■ About this task
Reproduce the records below exactly as shown.

Collected data entries
lemma sum_alpha_trees_sk_list_fibre:
  assumes "\<forall>T\<in>#G. finite (sk_fibre {#T#}) \<and> sum (alpha_tree u) (sk_fibre {#T#}) = A u T"
  shows "of_nat (mset_fact G) * sum (alpha_trees u) (sk_list_fibre m G)
           = (\<Prod>T\<in>#G. A u T) * fps_nth_deriv (size G) (fps_X ^ m)"
  using assms
proof (induction m arbitrary: G)
  case 0
  then show ?case
    by (cases "G = {#}") (simp_all add: sk_list_fibre_0 mset_fact_def alpha_trees_def)
next
  case (Suc m)
  let ?D = "\<lambda>k. fps_nth_deriv k (fps_X ^ m)" and ?PA = "\<Prod>T\<in>#G. A u T"
    and ?S = "\<lambda>G'. sum (alpha_trees u) (sk_list_fibre m G')"
  have IH: "of_nat (mset_fact (G - F)) * ?S (G - F)
      = (\<Prod>T\<in>#G - F. A u T) * ?D (size (G - F))" for F
    using Suc by (meson in_diffD)
  have summand: "of_nat (mset_fact G) * (A u T * ?S (G - {#T#}))
      = of_nat (count G T) * (?PA * ?D (size G - 1))"
    if T: "T \<in># G" for T
  proof -
    have "?PA = A u T * (\<Prod>T\<in>#G - {#T#}. A u T)"
      using T by (metis image_mset_add_mset insert_DiffM prod_mset.add_mset)
    then show ?thesis
      using IH[of "{#T#}"] T by (simp add: mset_fact_remove[OF T] size_Diff_singleton algebra_simps)
  qed
  have "of_nat (mset_fact G) * sum (alpha_trees u) (sk_list_fibre (Suc m) G)
      = fps_X * (of_nat (mset_fact G) * ?S G)
      + (\<Sum>T\<in>set_mset G. of_nat (mset_fact G) * (A u T * ?S (G - {#T#})))"
    using Suc.prems by (simp add: sum_alpha_trees_sk_list_fibre_Suc sum_distrib_left algebra_simps)
  also have "\<dots> = fps_X * (?PA * ?D (size G))
      + (\<Sum>T\<in>set_mset G. of_nat (count G T) * (?PA * ?D (size G - 1)))"
    using IH[of "{#}"] summand by simp
  also have "\<dots> = fps_X * (?PA * ?D (size G)) + of_nat (size G) * (?PA * ?D (size G - 1))"
    by (simp add: sum_distrib_right[symmetric] size_multiset_overloaded_eq)
  also have "\<dots> = ?PA * fps_nth_deriv (size G) (fps_X ^ Suc m)"
    by (simp add: fps_nth_deriv_X_mult algebra_simps)
  finally show ?case .
qed

lemma sum_alpha_tree_sk_fibre:
  assumes "pos_dec T"
  shows "finite (sk_fibre {#T#}) \<and> sum (alpha_tree u) (sk_fibre {#T#}) = A u T"
  using assms
proof (induction T)
  case (DNode n G)
  have n: "1 \<le> n"
    and hyp: "\<forall>T\<in>#G. finite (sk_fibre {#T#}) \<and> sum (alpha_tree u) (sk_fibre {#T#}) = A u T"
    using DNode by (auto simp: pos_dec_DNode)
  let ?S = "sum (alpha_trees u) (sk_list_fibre (Suc n) G)" and ?PA = "\<Prod>T\<in>#G. A u T"
  have fin: "finite (sk_fibre {#DNode n G#})"
    using hyp finite_sk_list_fibre by (simp add: sk_fibre_DNode[OF n])
  have "sum (alpha_tree u) (sk_fibre {#DNode n G#}) = fps_const (u n) * ?S"
    using n by (auto simp: sk_fibre_DNode sum.reindex inj_on_def sum_distrib_left alpha_tree_PNode
        alpha_letter_def sk_list_fibre_def intro: sum.cong)
  also have "\<dots> = fps_const (u n) * (fps_const (1 / of_nat (mset_fact G)) * (of_nat (mset_fact G) * ?S))"
  proof -
    have "fps_const (1 / of_nat (mset_fact G)) * of_nat (mset_fact G) = (1 :: complex fps)"
      using mset_fact_pos[of G] by (simp flip: fps_of_nat)
    then show ?thesis
      by (metis mult.assoc mult_1)
  qed
  also have "\<dots> = fps_const (u n)
      * (fps_const (1 / of_nat (mset_fact G)) * (?PA * fps_nth_deriv (size G) (fps_X ^ Suc n)))"
    by (simp only: sum_alpha_trees_sk_list_fibre[OF hyp])
  also have "\<dots> = A u (DNode n G)"
    by (simp add: funpow_fps_deriv mset_fact_def of_nat_prod mult_ac del: power_Suc)
  finally show ?case
    using fin by simp
qed

fun leaves :: "ptree \<Rightarrow> nat" where
  "leaves PLeaf = 1"
| "leaves (PNode ts) = (\<Sum>t\<leftarrow>ts. leaves t)"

■ Exercise solution
lemma sum_alpha_trees_sk_list_fibre:
  assumes "\<forall>T\<in>#G. finite (sk_fibre {#T#}) \<and> sum (alpha_tree u) (sk_fibre {#T#}) = A u T"
  shows "of_nat (mset_fact G) * sum (alpha_trees u) (sk_list_fibre m G)
           = (\<Prod>T\<in>#G. A u T) * fps_nth_deriv (size G) (fps_X ^ m)"
  using assms
proof (induction m arbitrary: G)
  case 0
  then show ?case
    by (cases "G = {#}") (simp_all add: sk_list_fibre_0 mset_fact_def alpha_trees_def)
next
  case (Suc m)
  let ?D = "\<lambda>k. fps_nth_deriv k (fps_X ^ m)" and ?PA = "\<Prod>T\<in>#G. A u T"
    and ?S = "\<lambda>G'. sum (alpha_trees u) (sk_list_fibre m G')"
  have IH: "of_nat (mset_fact (G - F)) * ?S (G - F)
      = (\<Prod>T\<in>#G - F. A u T) * ?D (size (G - F))" for F
    using Suc by (meson in_diffD)
  have summand: "of_nat (mset_fact G) * (A u T * ?S (G - {#T#}))
      = of_nat (count G T) * (?PA * ?D (size G - 1))"
    if T: "T \<in># G" for T
  proof -
    have "?PA = A u T * (\<Prod>T\<in>#G - {#T#}. A u T)"
      using T by (metis image_mset_add_mset insert_DiffM prod_mset.add_mset)
    then show ?thesis
      using IH[of "{#T#}"] T by (simp add: mset_fact_remove[OF T] size_Diff_singleton algebra_simps)
  qed
  have "of_nat (mset_fact G) * sum (alpha_trees u) (sk_list_fibre (Suc m) G)
      = fps_X * (of_nat (mset_fact G) * ?S G)
      + (\<Sum>T\<in>set_mset G. of_nat (mset_fact G) * (A u T * ?S (G - {#T#})))"
    using Suc.prems by (simp add: sum_alpha_trees_sk_list_fibre_Suc sum_distrib_left algebra_simps)
  also have "\<dots> = fps_X * (?PA * ?D (size G))
      + (\<Sum>T\<in>set_mset G. of_nat (count G T) * (?PA * ?D (size G - 1)))"
    using IH[of "{#}"] summand by simp
  also have "\<dots> = fps_X * (?PA * ?D (size G)) + of_nat (size G) * (?PA * ?D (size G - 1))"
    by (simp add: sum_distrib_right[symmetric] size_multiset_overloaded_eq)
  also have "\<dots> = ?PA * fps_nth_deriv (size G) (fps_X ^ Suc m)"
    by (simp add: fps_nth_deriv_X_mult algebra_simps)
  finally show ?case .
qed

lemma sum_alpha_tree_sk_fibre:
  assumes "pos_dec T"
  shows "finite (sk_fibre {#T#}) \<and> sum (alpha_tree u) (sk_fibre {#T#}) = A u T"
  using assms
proof (induction T)
  case (DNode n G)
  have n: "1 \<le> n"
    and hyp: "\<forall>T\<in>#G. finite (sk_fibre {#T#}) \<and> sum (alpha_tree u) (sk_fibre {#T#}) = A u T"
    using DNode by (auto simp: pos_dec_DNode)
  let ?S = "sum (alpha_trees u) (sk_list_fibre (Suc n) G)" and ?PA = "\<Prod>T\<in>#G. A u T"
  have fin: "finite (sk_fibre {#DNode n G#})"
    using hyp finite_sk_list_fibre by (simp add: sk_fibre_DNode[OF n])
  have "sum (alpha_tree u) (sk_fibre {#DNode n G#}) = fps_const (u n) * ?S"
    using n by (auto simp: sk_fibre_DNode sum.reindex inj_on_def sum_distrib_left alpha_tree_PNode
        alpha_letter_def sk_list_fibre_def intro: sum.cong)
  also have "\<dots> = fps_const (u n) * (fps_const (1 / of_nat (mset_fact G)) * (of_nat (mset_fact G) * ?S))"
  proof -
    have "fps_const (1 / of_nat (mset_fact G)) * of_nat (mset_fact G) = (1 :: complex fps)"
      using mset_fact_pos[of G] by (simp flip: fps_of_nat)
    then show ?thesis
      by (metis mult.assoc mult_1)
  qed
  also have "\<dots> = fps_const (u n)
      * (fps_const (1 / of_nat (mset_fact G)) * (?PA * fps_nth_deriv (size G) (fps_X ^ Suc n)))"
    by (simp only: sum_alpha_trees_sk_list_fibre[OF hyp])
  also have "\<dots> = A u (DNode n G)"
    by (simp add: funpow_fps_deriv mset_fact_def of_nat_prod mult_ac del: power_Suc)
  finally show ?case
    using fin by simp
qed

fun leaves :: "ptree \<Rightarrow> nat" where
  "leaves PLeaf = 1"
| "leaves (PNode ts) = (\<Sum>t\<leftarrow>ts. leaves t)"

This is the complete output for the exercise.